### What you need to do
Your response must be made up of each line in the data below that contains the string "lambda".

[Collected data entries]
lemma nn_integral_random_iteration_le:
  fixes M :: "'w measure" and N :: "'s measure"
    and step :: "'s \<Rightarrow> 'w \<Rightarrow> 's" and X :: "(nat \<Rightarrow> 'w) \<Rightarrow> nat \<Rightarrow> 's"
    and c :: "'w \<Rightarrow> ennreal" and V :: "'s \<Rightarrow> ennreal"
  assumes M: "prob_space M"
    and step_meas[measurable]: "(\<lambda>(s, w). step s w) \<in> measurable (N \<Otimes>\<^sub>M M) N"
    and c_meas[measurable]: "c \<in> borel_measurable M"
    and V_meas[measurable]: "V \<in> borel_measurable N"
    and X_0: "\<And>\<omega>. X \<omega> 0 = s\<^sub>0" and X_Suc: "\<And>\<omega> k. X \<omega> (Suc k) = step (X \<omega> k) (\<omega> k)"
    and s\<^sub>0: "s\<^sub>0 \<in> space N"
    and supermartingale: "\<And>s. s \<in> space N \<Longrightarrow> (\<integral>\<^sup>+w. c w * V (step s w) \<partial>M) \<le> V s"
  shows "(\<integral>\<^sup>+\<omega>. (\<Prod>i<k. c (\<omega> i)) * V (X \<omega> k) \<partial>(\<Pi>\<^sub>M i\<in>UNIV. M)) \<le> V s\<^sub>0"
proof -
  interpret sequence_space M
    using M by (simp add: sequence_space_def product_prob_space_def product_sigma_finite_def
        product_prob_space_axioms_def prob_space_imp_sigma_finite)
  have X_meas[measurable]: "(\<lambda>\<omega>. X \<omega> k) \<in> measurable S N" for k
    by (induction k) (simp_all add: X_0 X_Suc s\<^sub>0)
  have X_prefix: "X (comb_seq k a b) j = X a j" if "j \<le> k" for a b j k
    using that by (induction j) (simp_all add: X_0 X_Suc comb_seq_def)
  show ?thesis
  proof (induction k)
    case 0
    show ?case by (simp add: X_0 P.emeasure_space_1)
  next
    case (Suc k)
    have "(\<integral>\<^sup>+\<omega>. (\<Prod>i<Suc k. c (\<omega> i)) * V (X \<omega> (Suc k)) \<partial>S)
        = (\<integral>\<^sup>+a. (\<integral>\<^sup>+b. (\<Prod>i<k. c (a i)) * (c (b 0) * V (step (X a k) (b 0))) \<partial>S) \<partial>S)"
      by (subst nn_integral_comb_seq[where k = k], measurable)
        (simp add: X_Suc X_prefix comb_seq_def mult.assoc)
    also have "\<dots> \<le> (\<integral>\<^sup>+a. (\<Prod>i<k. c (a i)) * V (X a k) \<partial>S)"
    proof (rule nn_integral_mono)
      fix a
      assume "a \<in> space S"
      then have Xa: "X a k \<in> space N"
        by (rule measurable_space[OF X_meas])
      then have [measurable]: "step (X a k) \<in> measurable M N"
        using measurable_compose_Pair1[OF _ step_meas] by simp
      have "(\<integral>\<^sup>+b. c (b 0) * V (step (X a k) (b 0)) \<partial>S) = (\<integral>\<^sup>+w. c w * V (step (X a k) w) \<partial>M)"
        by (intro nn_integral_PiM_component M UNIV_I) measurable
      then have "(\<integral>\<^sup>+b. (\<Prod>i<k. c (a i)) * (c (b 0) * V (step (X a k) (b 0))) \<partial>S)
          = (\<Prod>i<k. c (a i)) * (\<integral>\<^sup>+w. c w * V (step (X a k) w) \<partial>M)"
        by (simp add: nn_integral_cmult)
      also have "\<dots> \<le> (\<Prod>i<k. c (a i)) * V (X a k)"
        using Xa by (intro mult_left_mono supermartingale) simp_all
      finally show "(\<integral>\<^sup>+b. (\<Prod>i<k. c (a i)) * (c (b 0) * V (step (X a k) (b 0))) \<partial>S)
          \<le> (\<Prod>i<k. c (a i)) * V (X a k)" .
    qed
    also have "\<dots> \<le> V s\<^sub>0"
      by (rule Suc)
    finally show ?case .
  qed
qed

### Result for this task
    and step_meas[measurable]: "(\<lambda>(s, w). step s w) \<in> measurable (N \<Otimes>\<^sub>M M) N"
  have X_meas[measurable]: "(\<lambda>\<omega>. X \<omega> k) \<in> measurable S N" for k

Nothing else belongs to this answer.